I agree. But I think that the attention grabbing thing that transhumanism had going for it for a while was
the possibility of giving people including powerful people that already have a lot of things, more time. 

It lost those things and lost the attention grabbing thing when the wheels came off the Drexlerian
nanotech applecart, which is needed to make the cryonics promise credible. 

    With the promise and peril of nanotechnology upon us, most likely followed by recursively improving AI, but not necessarily in that order, it appears that we have only a brief window within which to promote the growth of those human values which work, and thus perhaps improve the odds of living in a future more of our choosing--before the rules of the game change drastically.

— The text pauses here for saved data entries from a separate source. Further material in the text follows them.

lemma eventually_variation_at_right_le:
  assumes g: "rectifiable_path g" and a: "0 \<le> a" "a < 1" and e: "e > 0"
  shows "\<forall>\<^sub>F s in at_right a. variation g a s \<le> e"
proof -
  \<comment> \<open>A partition \<open>L\<close> of \<open>[a, 1]\<close> that is almost optimal leaves little room for variation on
    \<open>[a, s]\<close> once \<open>s\<close> lies below the first point of \<open>L\<close> after \<open>a\<close> and \<open>g s\<close> is close to \<open>g a\<close>.\<close>
  have "variation g a 1 - e/2 < variation g a 1" using e by simp
  then obtain L where L: "L \<in> sorted_lists_in a 1" and near_sup: "variation g a 1 - e/2 < poly_sum g L"
    unfolding variation_def
    using less_cSUP_iff[OF _ rectifiable_path_bdd_above[OF g a(1) order_refl]]
      Nil_in_sorted_lists_in by blast
  have "continuous (at a within {0..1}) g"
    using g a by (simp add: rectifiable_path_def path_def continuous_on_eq_continuous_within)
  then obtain d where d: "d > 0" "\<And>u. u \<in> {0..1} \<Longrightarrow> dist u a < d \<Longrightarrow> dist (g u) (g a) < e/2"
    using e unfolding continuous_within_eps_delta by (meson half_gt_zero)
  define B where "B = insert (a + d) (insert 1 {x \<in> set L. a < x})"
  have "finite B" "B \<noteq> {}" by (auto simp: B_def)
  moreover have "\<forall>x\<in>B. a < x" using d(1) a(2) by (auto simp: B_def)
  ultimately have "a < Min B" by simp
  moreover have "variation g a s \<le> e" if s: "a < s" "s < Min B" for s
  proof (rule variation_least)
    have sB: "s < x" if "x \<in> B" for x using s Min_le[OF \<open>finite B\<close> that] by linarith
    then have s1: "s < 1" and "s < a + d" and gap: "\<forall>x\<in>set L. a < x \<longrightarrow> s < x"
      by (auto simp: B_def)
    then have "dist (g a) (g s) < e/2" using d(2)[of s] s a by (simp add: dist_commute dist_real_def)
    fix M assume M: "M \<in> sorted_lists_in a s"
    have "poly_sum g L + poly_sum g M \<le> variation g a 1 + dist (g a) (g s)"
      using poly_sum_merge_le_variation[OF g a(1) _ _ order_refl L M gap] s s1 by simp
    then show "poly_sum g M \<le> e" using near_sup \<open>dist (g a) (g s) < e/2\<close> by linarith
  qed
  ultimately show ?thesis unfolding eventually_at_right_field by blast
qed

lemma variation_scaleR:
  assumes "rectifiable_path g" "c \<ge> 0" "0 \<le> a" "b \<le> 1"
  shows "variation (\<lambda>s. c *\<^sub>R g s) a b = c * variation g a b"
proof -
  have "c * Sup (poly_sum g ` sorted_lists_in a b) = Sup ((*) c ` poly_sum g ` sorted_lists_in a b)"
  proof (rule continuous_at_Sup_mono)
    show "mono ((*) c)" using assms(2) by (simp add: mono_def mult_left_mono)
    show "continuous (at_left (Sup (poly_sum g ` sorted_lists_in a b))) ((*) c)"
      by (rule continuous_mult_left[OF continuous_ident])
    show "poly_sum g ` sorted_lists_in a b \<noteq> {}" using Nil_in_sorted_lists_in by blast
  qed (rule rectifiable_path_bdd_above[OF assms(1,3,4)])
  then show ?thesis
    by (simp add: variation_def poly_sum_scaleR[OF assms(2)] image_image)
qed

section \<open>Arc length and quasihyperbolic length\<close>

lemma arc_len_mono:
  assumes "rectifiable_path g" "t \<le> u" shows "arc_len g t \<le> arc_len g u"
  unfolding arc_len_eq_variation by (rule variation_mono) (use assms in auto)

This is away from the issue either of what politics is, or what you want to define it to be and get agreement on. 

The promises and perils you percieve mark you out as a particular sort of person. A transhuman subcultural insider. But the subcultures best claims for the attention of the mainstream have not born sufficient fruit to continue to be credible or particularly attention demanding of the mainstream. Both the promise and peril of nanotech that you talk of are intended to be attention grabbers. And for a while they were attention grabbers. But their attention grabbing power has been lost relative to other promises and threats that the mainstream feels it is facing.